University of Virginia Library

Black Students

In a survey in the spring of 1968, it was determined
that the principal factors reported in the choice of
colleges by Negro high school seniors are, in order of
effectiveness, recommendations by black college students,
recommendations by high school guidance counselors,
and sympathetic reception and realistic evaluations of
their potential by college admissions personnel.

The University's 1968-69 program for admission of

black high school graduates therefore has been based on
three components:

(1) In the fall of 1968, Negro University students
organized, with the assistance of the Admissions Office,
to visit high schools in December and January. A special
recruiting pamphlet, written last fall by some of the
University's black students in a manner they think will be
effective, was published and distributed.

Because of restrictions on use of state funds for special
"recruiting" literature, and because no funds were
available for a pamphlet such as this one, it was privately
financed by faculty and administration members and a
student organization, responding to private requests by
Mr. Saunier, assigned by President Shannon to coordinate
the University's "equal opportunity" and "non-discrimination"
programs.

(2) In November, 1968, the University, with private
funds now exhausted, provided housing and meals to
Virginia high school guidance counselors who accepted
invitations to come to Charlottesville to discuss
opportunities at the University for disadvantaged
students.

(3) In December, in response to many students'
petitions Ernest H. Ern, dean of admissions, named Fred
T. Stokes, a Negro, as an assistant to the dean. Mr. Stokes
has a background in counseling and Virginia public school
administration.

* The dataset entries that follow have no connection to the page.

inductive_set IdS :: "'x set \<Rightarrow> ('x, 'k::comm_ring_1) opoly set \<Rightarrow> ('x, 'k) opoly set"
  for X :: "'x set" and S :: "('x, 'k) opoly set" where
  gen: "u \<in> star_words X \<Longrightarrow> s \<in> S \<Longrightarrow> subst_w u s \<in> IdS X S"
| zero: "0 \<in> IdS X S"
| add: "a \<in> IdS X S \<Longrightarrow> b \<in> IdS X S \<Longrightarrow> a + b \<in> IdS X S"
| scal: "a \<in> IdS X S \<Longrightarrow> smult c a \<in> IdS X S"

fun Dpow :: "nat \<Rightarrow> 'x \<Rightarrow> 'x letter" where
  "Dpow 0 x = V x"
| "Dpow (Suc i) x = Dl [Dpow i x]"

definition basis_words :: "'x set \<Rightarrow> 'x letter list set" where
  "basis_words X = {w. w \<noteq> [] \<and> (\<forall>l\<in>set w. \<exists>i. \<exists>x\<in>X. l = Dpow i x)}"

text \<open>A (not necessarily unital) associative K-algebra is modelled by a type of
class ring (nonunital associative ring) with a scalar action sc; D is K-linear
and satisfies the lambda-Leibniz rule.\<close>

definition lambda_diff_alg ::
  "('k::comm_ring_1 \<Rightarrow> 'r::ring \<Rightarrow> 'r) \<Rightarrow> ('r \<Rightarrow> 'r) \<Rightarrow> 'k \<Rightarrow> bool" where
  "lambda_diff_alg sc Dr lam \<longleftrightarrow>
     (\<forall>a x y. sc a (x + y) = sc a x + sc a y) \<and>
     (\<forall>a b x. sc (a + b) x = sc a x + sc b x) \<and>
     (\<forall>a b x. sc (a * b) x = sc a (sc b x)) \<and>
     (\<forall>x. sc 1 x = x) \<and>
     (\<forall>a x y. sc a (x * y) = sc a x * y \<and> sc a (x * y) = x * sc a y) \<and>
     (\<forall>x y. Dr (x + y) = Dr x + Dr y) \<and>
     (\<forall>a x. Dr (sc a x) = sc a (Dr x)) \<and>
     (\<forall>x y. Dr (x * y) = Dr x * y + x * Dr y + sc lam (Dr x * Dr y))"

text \<open>K<X;D|S> = K<X;D>/Id(S) is a lambda-differential algebra: Id(S) lies in
K<X;D>, is a two-sided ideal closed under D (so product and D descend to the
quotient), and the lambda-Leibniz rule holds modulo Id(S).\<close>

definition quotient_is_lambda_diff :: "'x set \<Rightarrow> 'k::comm_ring_1 \<Rightarrow> ('x, 'k) opoly set \<Rightarrow> bool" where
  "quotient_is_lambda_diff X lam I \<longleftrightarrow>
     I \<subseteq> KXD X \<and>
     (\<forall>a\<in>I. \<forall>p\<in>KXD X. pmul p a \<in> I \<and> pmul a p \<in> I) \<and>
     (\<forall>a\<in>I. pD a \<in> I) \<and>
     (\<forall>p\<in>KXD X. \<forall>q\<in>KXD X.
        pD (pmul p q) - pmul (pD p) q - pmul p (pD q) - smult lam (pmul (pD p) (pD q)) \<in> I)"

text \<open>The cosets of the basis words form a K-basis of K<X;D>/I: every element is
congruent modulo I to a unique K-combination of basis words.\<close>

definition is_quotient_basis :: "'x set \<Rightarrow> ('x, 'k::comm_ring_1) opoly set \<Rightarrow> 'x letter list set \<Rightarrow> bool" where
  "is_quotient_basis X I B \<longleftrightarrow>
     (\<forall>p\<in>KXD X. \<exists>!q. Poly_Mapping.keys q \<subseteq> B \<and> p - q \<in> I)"

text \<open>A homomorphism of lambda-differential algebras K<X;D>/I \<rightarrow> R, presented as a
map on K<X;D> vanishing on I, extending f on X.\<close>

definition quot_hom_ext ::
  "'x set \<Rightarrow> ('x, 'k::comm_ring_1) opoly set \<Rightarrow> ('k \<Rightarrow> 'r::ring \<Rightarrow> 'r) \<Rightarrow> ('r \<Rightarrow> 'r)
    \<Rightarrow> ('x \<Rightarrow> 'r) \<Rightarrow> (('x, 'k) opoly \<Rightarrow> 'r) \<Rightarrow> bool" where
  "quot_hom_ext X I sc Dr f \<phi> \<longleftrightarrow>
     (\<forall>p\<in>KXD X. \<forall>q\<in>KXD X. \<phi> (p + q) = \<phi> p + \<phi> q) \<and>
     (\<forall>c. \<forall>p\<in>KXD X. \<phi> (smult c p) = sc c (\<phi> p)) \<and>
     (\<forall>p\<in>KXD X. \<forall>q\<in>KXD X. \<phi> (pmul p q) = \<phi> p * \<phi> q) \<and>
     (\<forall>p\<in>KXD X. \<phi> (pD p) = Dr (\<phi> p)) \<and>
     (\<forall>a\<in>I. \<phi> a = 0) \<and>
     (\<forall>x\<in>X. \<phi> (wd [V x]) = f x)"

He works half-time in the admissions
office while he is completing his master's degree. He
administers a special program of communication with and
evaluation of black and disadvantaged applicants.

The three-part program is also integrated with the
special recruiting program of the department of athletics,
which has offered grants-in-aid to Negro athletes for the
past three years.

Further work in the Office of undergraduate
admissions by qualified Negro faculty members and
administrators will depend primarily on their availability.
The U.S. Office of Civil Rights, in the U.S. Department of
Health, Education, and Welfare, has been assured that no
position specifically for a black admissions officer, or any
other officer designated by color, has been or will be
established by the University.

It has been stated to H.E.W. that the employment
policy of the University is completely non-discriminatory,
and that the need for special communications with special
groups of applicants for both admissions and employment
is being met within this policy.

It has been stated that the position as assistant to the
dean is for a person with special capabilities, and the fact
that the holder of the position is a Negro (and a half-time
graduate student) is an asset in that part of his current
assignment which calls for interviews with black students,
but it is not an absolute requirement for the position.